I was recently reading an old hockey magazine from the early 1970's and there was a nice article about Johnny 'Pieface' McKenzie. He had jumped to the new WHA as a 35 year old and in his opinion the league was not getting it's due respect.
In the article he states of the upstart league, "Certainly we're not equal to the NHL, but don't forget they've been around a hundred years. If we keep robbing their players and signing juniors we'll be equal in four or five years". He continued saying "The New England Whalers would have held their own in the NHL over the whole year. I know they're better than four or five teams right now. In fact, our top four teams could have beaten the Flames or the Islanders." The question is, was he correct?
The 1972/73 New England Whalers finished with 94 points in 78 games and beat third overall Cleveland 4 games to 1 in the semi-finals before beating second overall Winnipeg in the Final, also 4 games to 1. The Whale was definitely the cream of the WHA crop that first year. They were led by Tom Webster who was only one year removed from a 30 goal, 67 point NHL rookie season. Webster tallied 103 points for the Whalers and would definitely have been a solid NHLer that year. Centre, Terry Caffery was a 3rd overall selection of Chicago Black Hawks in 1966, but had yet to make an impact in the NHL. He parlayed an 88 point year in the AHL into a 100 point season with New England.
Larry Pleau had played 55 games for the Montreal Canadiens in 1971/72 and contributed 87 points to the Whalers championship campaign. Brit Selby a veteran of 350 NHL games and former Calder Trophy winner, chipped in 42 points that year and Tom Williams had over 500 NHL games on his resume and the previous season scored 17 goals with the North Stars and Golden Seals. Other than Williams, all these guys were 27 years old or younger.
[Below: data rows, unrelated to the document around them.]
(* Let $n\ge1$ and let $c_0,\dots,c_{n-1}$ be mutually distinct complex numbers with $|c_j|=1$. Suppose there exist nonzero real numbers $x_0,\dots,x_{n-1}$ such that $$\sum_{j=0}^{n-1}c_j^kx_j=\delta_{k0},\qquad k=0,1,\dots,n-1 .$$ Then $x_j=1/n$ for all $j$, and, after a suitable reordering of $c_1,\dots,c_{n-1}$, $c_j=c_0e^{2\pi ij/n}$ for $j=0,1,\dots,n-1$.
   Context: $\delta_{k0}$ denotes the Kronecker delta. *)

theory Defs
  imports "HOL-Analysis.Analysis"
begin

end

theory Submission
  imports Defs "HOL-Computational_Algebra.Polynomial" "HOL-Combinatorics.Permutations"
begin

text \<open>Since \<open>cnj z = inverse z\<close> on the unit circle and the weights are real, the moment
  conditions extend to all exponents \<open>k\<close> with \<open>\<bar>k\<bar> < n\<close>. Pairing them with the monic
  polynomial \<open>\<Prod>j. z - c j\<close> shows that its coefficients of \<open>z ^ s\<close>, \<open>0 < s < n\<close>, vanish,
  so all \<open>c j\<close> are roots of one equation \<open>z ^ n = a\<close>: being \<open>n\<close> distinct roots, they are
  \<open>c 0\<close> times the \<open>n\<close>-th roots of unity. Testing the moments against the Lagrange-type
  polynomial \<open>(z ^ n - c i ^ n) / (z - c i)\<close> then gives \<open>n * x i = 1\<close>.\<close>

lemma unit_circle_moments_power_int:
  fixes c :: "nat \<Rightarrow> complex" and x :: "nat \<Rightarrow> real"
  assumes unit: "\<And>j. j < n \<Longrightarrow> norm (c j) = 1"
    and moments: "\<And>k. k < n \<Longrightarrow>
           (\<Sum>j<n. c j ^ k * complex_of_real (x j)) = (if k = 0 then 1 else 0)"
    and k: "\<bar>k\<bar> < int n"
  shows "(\<Sum>j<n. c j powi k * complex_of_real (x j)) = (if k = 0 then 1 else 0)"
proof (cases "k \<ge> 0")
  case True
  then obtain m where "k = int m" by (metis nonneg_eq_int)
  then show ?thesis using moments[of m] k by simp
next
  case False
  define m where "m = nat (- k)"
  have m: "k = - int m" "0 < m" "m < n" using False k by (auto simp: m_def)
  have "c j powi k = cnj (c j ^ m)" if "j < n" for j
    using divide_conv_cnj[OF unit[OF that], of 1]
    by (simp add: m(1) power_int_minus divide_inverse flip: power_inverse)
  then have "(\<Sum>j<n. c j powi k * complex_of_real (x j))
      = cnj (\<Sum>j<n. c j ^ m * complex_of_real (x j))"
    by simp
  also have "\<dots> = 0" using moments[OF m(3)] m(2) by simp
  finally show ?thesis using m by simp
qed

lemma unit_circle_moments_extract_coeff:
  fixes c :: "nat \<Rightarrow> complex" and x :: "nat \<Rightarrow> real" and p :: "complex poly"
  assumes unit: "\<And>j. j < n \<Longrightarrow> norm (c j) = 1"
    and moments: "\<And>k. k < n \<Longrightarrow>
           (\<Sum>j<n. c j ^ k * complex_of_real (x j)) = (if k = 0 then 1 else 0)"
    and "degree p \<le> n" "0 < s" "s < n"
  shows "(\<Sum>j<n. cnj (c j) ^ s * complex_of_real (x j) * poly p (c j)) = coeff p s"
proof -
  have poly_p: "poly p z = (\<Sum>i\<le>n. coeff p i * z ^ i)" for z
    by (subst poly_as_sum_of_monoms'[OF \<open>degree p \<le> n\<close>, symmetric])
      (simp add: poly_sum poly_monom)
  have shift: "cnj (c j) ^ s * c j ^ i = c j powi (int i - int s)" if "j < n" for i j
  proof -
    have "c j \<noteq> 0" using unit[OF that] by auto
    then have "c j powi (int i - int s) = c j ^ i / c j ^ s" by (simp add: power_int_diff)
    also have "\<dots> = cnj (c j) ^ s * c j ^ i"
      using divide_conv_cnj[of "c j ^ s"] unit[OF that] by (simp add: norm_power mult.commute)
    finally show ?thesis ..
  qed
  have "(\<Sum>j<n. cnj (c j) ^ s * complex_of_real (x j) * poly p (c j))
      = (\<Sum>i\<le>n. coeff p i * (\<Sum>j<n. c j powi (int i - int s) * complex_of_real (x j)))"
    unfolding poly_p sum_distrib_left
    by (subst sum.swap) (intro sum.cong refl, simp add: shift [symmetric] mult_ac)
  also have "\<dots> = (\<Sum>i\<le>n. coeff p i * (if i = s then 1 else 0))"
    using assms by (intro sum.cong refl) (subst unit_circle_moments_power_int, auto)
  also have "\<dots> = coeff p s" using assms by (simp add: if_distrib cong: if_cong)
  finally show ?thesis .
qed

lemma unit_circle_moments_equal_powers:
  fixes c :: "nat \<Rightarrow> complex" and x :: "nat \<Rightarrow> real"
  assumes unit: "\<And>j. j < n \<Longrightarrow> norm (c j) = 1"
    and moments: "\<And>k. k < n \<Longrightarrow>
           (\<Sum>j<n. c j ^ k * complex_of_real (x j)) = (if k = 0 then 1 else 0)"
    and "j < n"
  shows "c j ^ n = c 0 ^ n"
proof -
  define p where "p = (\<Prod>j<n. [:- c j, 1:])"
  have degree: "degree p = n"
    unfolding p_def by (subst degree_prod_eq_sum_degree) auto
  have lead: "coeff p n = 1"
    using lead_coeff_prod[of "\<lambda>j. [:- c j, 1:]" "{..<n}"] degree unfolding p_def by simp
  have root: "poly p (c i) = 0" if "i < n" for i
    unfolding p_def poly_prod using that by (intro prod_zero) auto
  have middle: "coeff p s = 0" if "0 < s" "s < n" for s
    using unit_circle_moments_extract_coeff[OF unit moments, of p s] degree root that by simp
  have "poly p z = (\<Sum>i\<in>{0, n}. coeff p i * z ^ i)" for z
    unfolding poly_altdef degree
    by (rule sum.mono_neutral_right) (auto simp: middle)
  then have "poly p z = coeff p 0 + z ^ n" for z using lead \<open>j < n\<close> by simp
  then have "c i ^ n = - coeff p 0" if "i < n" for i
    using root[OF that] by (simp add: eq_neg_iff_add_eq_0 add.commute)
  then show ?thesis using \<open>j < n\<close> by simp
qed

lemma moments_sum_poly_eq_const_coeff:
  fixes c w :: "nat \<Rightarrow> complex"
  assumes moments: "\<And>k. k < n \<Longrightarrow> (\<Sum>j<n. c j ^ k * w j) = (if k = 0 then 1 else 0)"
    and "0 < n"
  shows "(\<Sum>j<n. w j * (\<Sum>m<n. a m * c j ^ m)) = a 0"
proof -
  have "(\<Sum>j<n. w j * (\<Sum>m<n. a m * c j ^ m)) = (\<Sum>m<n. a m * (\<Sum>j<n. c j ^ m * w j))"
    unfolding sum_distrib_left by (subst sum.swap) (simp add: mult_ac)
  also have "\<dots> = (\<Sum>m<n. a m * (if m = 0 then 1 else 0))"
    using moments by (intro sum.cong) auto
  also have "\<dots> = a 0" using \<open>0 < n\<close> by (simp add: if_distrib cong: if_cong)
  finally show ?thesis .
qed

lemma moments_equal_powers_weight:
  fixes c w :: "nat \<Rightarrow> complex"
  assumes inj: "inj_on c {..<n}"
    and powers: "\<And>j. j < n \<Longrightarrow> c j ^ n = c i ^ n"
    and moments: "\<And>k. k < n \<Longrightarrow> (\<Sum>j<n. c j ^ k * w j) = (if k = 0 then 1 else 0)"
    and "i < n" "c i \<noteq> 0"
  shows "w i = 1 / of_nat n"
proof -
  define q where "q z = (\<Sum>m<n. c i ^ (n - Suc m) * z ^ m)" for z
  have q_other: "q (c j) = 0" if "j < n" "j \<noteq> i" for j
  proof -
    have "(c j - c i) * q (c j) = c j ^ n - c i ^ n"
      unfolding q_def using power_diff_sumr2[of "c j" n "c i"] by simp
    then show ?thesis using powers[OF \<open>j < n\<close>] inj that \<open>i < n\<close> by (auto dest: inj_onD)
  qed
  have "c i ^ (n - Suc m) * c i ^ m = c i ^ (n - 1)" if "m < n" for m
    using that by (simp flip: power_add)
  then have q_self: "q (c i) = of_nat n * c i ^ (n - 1)"
    unfolding q_def by simp
  have "c i ^ (n - 1) = (\<Sum>j<n. w j * q (c j))"
    unfolding q_def using moments_sum_poly_eq_const_coeff[OF moments] \<open>i < n\<close> by simp
  also have "\<dots> = w i * q (c i)"
    using q_other \<open>i < n\<close> by (subst sum.remove[of _ i]) auto
  finally have "w i * of_nat n * c i ^ (n - 1) = 1 * c i ^ (n - 1)"
    by (simp add: q_self mult_ac)
  then show ?thesis using \<open>c i \<noteq> 0\<close> \<open>i < n\<close> by (simp add: field_simps)
qed

lemma permutes_matching_images:
  assumes "inj_on f A" "inj_on g A" "g ` A = f ` A"
  shows "\<exists>\<sigma>. \<sigma> permutes A \<and> (\<forall>a\<in>A. f (\<sigma> a) = g a)"
proof -
  define \<sigma> where "\<sigma> a = (if a \<in> A then inv_into A f (g a) else a)" for a
  have "bij_betw g A (f ` A)" using assms by (simp add: bij_betw_def)
  moreover have "bij_betw (inv_into A f) (f ` A) A"
    using assms(1) by (intro bij_betw_inv_into inj_on_imp_bij_betw)
  ultimately have "bij_betw (inv_into A f \<circ> g) A A" by (rule bij_betw_trans)
  then have "bij_betw \<sigma> A A" by (rule bij_betw_cong[THEN iffD1, rotated]) (simp add: \<sigma>_def)
  then have "\<sigma> permutes A" by (rule bij_imp_permutes) (simp add: \<sigma>_def)
  moreover have "f (\<sigma> a) = g a" if "a \<in> A" for a
  proof -
    have "g a \<in> f ` A" using that assms(3) by blast
    then show ?thesis using that by (simp add: \<sigma>_def f_inv_into_f)
  qed
  ultimately show ?thesis by blast
qed

lemma equal_powers_image_eq_rotated_roots_of_unity:
  fixes c :: "nat \<Rightarrow> complex"
  assumes "n \<ge> 1" "inj_on c {..<n}" "c 0 \<noteq> 0"
    and powers: "\<And>j. j < n \<Longrightarrow> c j ^ n = c 0 ^ n"
  shows "(\<lambda>k. c 0 * exp (2 * complex_of_real pi * \<i> * of_nat k / of_nat n)) ` {..<n}
      = c ` {..<n}"
    (is "?g ` _ = _")
proof -
  have inj_g: "inj_on ?g {..<n}"
    using complex_root_unity_eq[OF \<open>n \<ge> 1\<close>] \<open>c 0 \<noteq> 0\<close> by (auto intro!: inj_onI)
  have "c j \<in> ?g ` {..<n}" if "j < n" for j
  proof -
    have "(c j / c 0) ^ n = 1" using powers[OF that] \<open>c 0 \<noteq> 0\<close> by (simp add: power_divide)
    then obtain k where "k < n" "c j / c 0 = exp (2 * complex_of_real pi * \<i> * of_nat k / of_nat n)"
      using complex_roots_unity[OF \<open>n \<ge> 1\<close>] by blast
    then show ?thesis using \<open>c 0 \<noteq> 0\<close> by (auto simp: field_simps)
  qed
  then have "c ` {..<n} \<subseteq> ?g ` {..<n}" by auto
  moreover have "card (c ` {..<n}) = card (?g ` {..<n})"
    using inj_g \<open>inj_on c {..<n}\<close> by (simp add: card_image)
  ultimately show ?thesis by (intro card_subset_eq[symmetric]) auto
qed

lemma equal_powers_rotated_roots_of_unity:
  fixes c :: "nat \<Rightarrow> complex"
  assumes "n \<ge> 1" "inj_on c {..<n}" "c 0 \<noteq> 0"
    and "\<And>j. j < n \<Longrightarrow> c j ^ n = c 0 ^ n"
  shows "\<exists>\<sigma>. \<sigma> permutes {1..<n} \<and>
           (\<forall>j<n. c (\<sigma> j) = c 0 * exp (2 * complex_of_real pi * \<i> * of_nat j / of_nat n))"
proof -
  let ?g = "\<lambda>k. c 0 * exp (2 * complex_of_real pi * \<i> * of_nat k / of_nat n)"
  have "inj_on ?g {..<n}"
    using complex_root_unity_eq[OF \<open>n \<ge> 1\<close>] \<open>c 0 \<noteq> 0\<close> by (auto intro!: inj_onI)
  from permutes_matching_images[OF \<open>inj_on c {..<n}\<close> this
      equal_powers_image_eq_rotated_roots_of_unity[OF assms]]
  obtain \<sigma> where \<sigma>: "\<sigma> permutes {..<n}" "\<forall>j<n. c (\<sigma> j) = ?g j"
    by auto
  have "c (\<sigma> 0) = c 0" using \<sigma>(2) \<open>n \<ge> 1\<close> by simp
  then have "\<sigma> 0 = 0"
    using \<open>n \<ge> 1\<close> \<open>inj_on c {..<n}\<close> permutes_in_image[OF \<sigma>(1), of 0]
    by (auto dest: inj_onD)
  then have "\<sigma> permutes {1..<n}"
    by (intro permutes_superset[OF \<sigma>(1)]) (auto simp: not_less_eq_eq)
  with \<sigma>(2) show ?thesis by blast
qed

theorem lemma2:
  fixes n :: nat and c :: "nat \<Rightarrow> complex" and x :: "nat \<Rightarrow> real"
  assumes "n \<ge> 1"
    and "inj_on c {..<n}"
    and "\<And>j. j < n \<Longrightarrow> norm (c j) = 1"
    and "\<And>j. j < n \<Longrightarrow> x j \<noteq> 0"
    and "\<And>k. k < n \<Longrightarrow>
           (\<Sum>j<n. c j ^ k * complex_of_real (x j)) = (if k = 0 then 1 else 0)"
  shows "(\<forall>j<n. x j = 1 / real n) \<and>
         (\<exists>\<sigma>. \<sigma> permutes {1..<n} \<and>
            (\<forall>j<n. c (\<sigma> j) = c 0 * exp (2 * complex_of_real pi * \<i> * of_nat j / of_nat n)))"
proof -
  have nonzero: "c j \<noteq> 0" if "j < n" for j using assms(3)[OF that] by auto
  then have "c 0 \<noteq> 0" using assms(1) by simp
  have powers: "c j ^ n = c 0 ^ n" if "j < n" for j
    using unit_circle_moments_equal_powers[OF assms(3,5) that] .
  have "x j = 1 / real n" if "j < n" for j
  proof -
    have "complex_of_real (x j) = 1 / of_nat n"
      by (rule moments_equal_powers_weight[OF assms(2) _ assms(5) that nonzero[OF that]])
        (metis powers that)
    then have "complex_of_real (x j) = complex_of_real (1 / real n)" by simp
    then show ?thesis by (simp only: of_real_eq_iff)
  qed
  moreover have "\<exists>\<sigma>. \<sigma> permutes {1..<n} \<and>
      (\<forall>j<n. c (\<sigma> j) = c 0 * exp (2 * complex_of_real pi * \<i> * of_nat j / of_nat n))"
    by (rule equal_powers_rotated_roots_of_unity[OF assms(1,2) \<open>c 0 \<noteq> 0\<close> powers])
  ultimately show ?thesis by blast
qed

end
The real strength of the Whalers that year was their defense. Jim Dorey, Ted Green, Brad Selwood and Rick Ley. All had played regularly in the NHL the previous season, and very well could have again if not jumping to the WHA. In net the Whalers had Al Smith
who had played over 40 NHL games the last three years with Goals Against Averages of under 3.25 each season.
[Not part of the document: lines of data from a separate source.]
lemma xstar_less_imp_level:
  assumes "x \<longlonglongrightarrow> 0" "xstar x n < s" shows "s \<in> xstar_levels x n"
proof -
  obtain t where "t \<in> xstar_levels x n" "t < s"
    using assms(2) cInf_less_iff[OF xstar_levels_nonempty[OF assms(1)] bdd_below_xstar_levels]
    unfolding xstar_eq_Inf_levels by blast
  then show ?thesis using xstar_levels_upward_closed by auto
qed

lemma xstar_le_if_levels_subset:
  assumes "x \<longlonglongrightarrow> 0" "xstar_levels x n \<subseteq> xstar_levels y m"
  shows "xstar y m \<le> xstar x n"
  unfolding xstar_eq_Inf_levels
  by (rule cInf_superset_mono[OF xstar_levels_nonempty[OF assms(1)] bdd_below_xstar_levels assms(2)])

lemma xstar_antimono:
  assumes "x \<longlonglongrightarrow> 0" "n \<le> m" shows "xstar x m \<le> xstar x n"
  using assms by (intro xstar_le_if_levels_subset) (auto simp: xstar_levels_def)

lemma xstar_zero: "xstar (\<lambda>k. 0) n = 0"
proof -
  have "xstar_levels (\<lambda>k. 0) n = {0..}" by (auto simp: xstar_levels_def exceed_set_def)
  then show ?thesis by (simp add: xstar_eq_Inf_levels)
qed

lemma xstar_reindex_le:
  assumes "x \<longlonglongrightarrow> 0" "inj f" shows "xstar (x \<circ> f) n \<le> xstar x n"
proof (rule xstar_le_if_levels_subset[OF assms(1)], rule subsetI)
  fix t assume t: "t \<in> xstar_levels x n"
  have sub: "f ` exceed_set (x \<circ> f) t \<subseteq> exceed_set x t" by (auto simp: exceed_set_def)
  have fin: "finite (exceed_set x t)" using t by (simp add: xstar_levels_def)
  have inj_on: "inj_on f (exceed_set (x \<circ> f) t)" using assms(2) inj_on_subset by blast
  have "finite (exceed_set (x \<circ> f) t)"
    using finite_imageD[OF finite_subset[OF sub fin] inj_on] .
  moreover have "card (exceed_set (x \<circ> f) t) \<le> card (exceed_set x t)"
    using card_mono[OF fin sub] card_image[OF inj_on] by simp
  ultimately show "t \<in> xstar_levels (x \<circ> f) n" using t by (auto simp: xstar_levels_def)
qed

lemma xstar_add_le:
  assumes "x \<longlonglongrightarrow> 0" "y \<longlonglongrightarrow> 0"
  shows "xstar (add_seq x y) (m + k) \<le> xstar x m + xstar y k"
proof (rule dense_ge)
  fix s assume s: "xstar x m + xstar y k < s"
  define e where "e = (s - xstar x m - xstar y k) / 2"
  define a b where "a = xstar x m + e" and "b = xstar y k + e"
  have "e > 0" and s_eq: "s = a + b" using s by (simp_all add: e_def a_def b_def)
  then have a: "a \<in> xstar_levels x m" and b: "b \<in> xstar_levels y k"
    unfolding a_def b_def by (auto intro: xstar_less_imp_level assms)
  have sub: "exceed_set (add_seq x y) s \<subseteq> exceed_set x a \<union> exceed_set y b"
    using abs_triangle_ineq[of "x _" "y _"] by (force simp: exceed_set_def add_seq_def s_eq)
  have fins: "finite (exceed_set x a)" "finite (exceed_set y b)"
    using a b by (auto simp: xstar_levels_def)
  have "card (exceed_set (add_seq x y) s) \<le> card (exceed_set x a \<union> exceed_set y b)"
    using fins by (intro card_mono[OF _ sub]) blast
  also have "\<dots> \<le> card (exceed_set x a) + card (exceed_set y b)" by (rule card_Un_le)
  also have "\<dots> \<le> m + k" using a b by (auto simp: xstar_levels_def)
  finally have "s \<in> xstar_levels (add_seq x y) (m + k)"
    using finite_subset[OF sub] fins xstar_nonneg[OF assms(1), of m] xstar_nonneg[OF assms(2), of k] s
    unfolding xstar_levels_def by auto
  then show "xstar (add_seq x y) (m + k) \<le> s"
    unfolding xstar_eq_Inf_levels by (rule cInf_lower[OF _ bdd_below_xstar_levels])
qed

lemma sum_lessThan_mult_div: "(\<Sum>m<N * K. g (m div N)) = real N * (\<Sum>k<K. g k)"
proof (induction K)
  case (Suc K)
  have "(\<Sum>m<N * Suc K. g (m div N)) = (\<Sum>m<N * K. g (m div N)) + (\<Sum>m\<in>{N * K..<N * K + N}. g (m div N))"
    by (simp add: algebra_simps sum.atLeastLessThan_concat[symmetric] atLeast0LessThan[symmetric])
  also have "(\<Sum>m\<in>{N * K..<N * K + N}. g (m div N)) = (\<Sum>m\<in>{N * K..<N * K + N}. g K)"
  proof (rule sum.cong)
    fix m assume "m \<in> {N * K..<N * K + N}"
    then have "m div N = K" by (simp add: div_nat_eqI mult.commute)
    then show "g (m div N) = g K" by simp
  qed simp
  finally show ?case using Suc by (simp add: algebra_simps)
qed simp

lemma summable_div_le:
  assumes "0 < N" "\<And>k. 0 \<le> g k" "summable g"
  shows "summable (\<lambda>m. g (m div N))" and "(\<Sum>m. g (m div N)) \<le> real N * (\<Sum>k. g k)"
proof -
  have bound: "(\<Sum>m<M. g (m div N)) \<le> real N * (\<Sum>k. g k)" for M
  proof -
    have "(\<Sum>m<M. g (m div N)) \<le> (\<Sum>m<N * M. g (m div N))"
      using assms(1) by (intro sum_mono2) (auto simp: assms(2))
    also have "\<dots> = real N * (\<Sum>k<M. g k)" by (rule sum_lessThan_mult_div)
    also have "\<dots> \<le> real N * (\<Sum>k. g k)"
      by (intro mult_left_mono sum_le_suminf assms) auto
    finally show ?thesis .
  qed
  show sm: "summable (\<lambda>m. g (m div N))" by (rule summableI_nonneg_bounded[OF assms(2) bound])
  show "(\<Sum>m. g (m div N)) \<le> real N * (\<Sum>k. g k)" by (rule suminf_le_const[OF sm bound])
qed

lemma powr_add_le_two_powr:
  fixes a b p :: real
  assumes "0 \<le> a" "0 \<le> b" "0 \<le> p"
  shows "(a + b) powr p \<le> 2 powr p * (a powr p + b powr p)"
proof -
  have "(a + b) powr p \<le> (2 * max a b) powr p"
    by (rule powr_mono2) (use assms in auto)
  also have "\<dots> = 2 powr p * max a b powr p" by (simp add: powr_mult)
  also have "max a b powr p \<le> a powr p + b powr p" by (simp add: max_def)
  finally show ?thesis by simp
qed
In summary, John McKenzie definitely had a point. New England would have certainly held their own in the NHL of 1972/73. That season, Montreal, Boston and New York Rangers were a cut above the rest of the NHL. I would guess New England would have had at least a .500 record and been in a fight with Detroit and Buffalo for a playoff spot.
As for McKenzie's estimation that in 4 or 5 years the WHA would be equal to the NHL, that one was a bit off.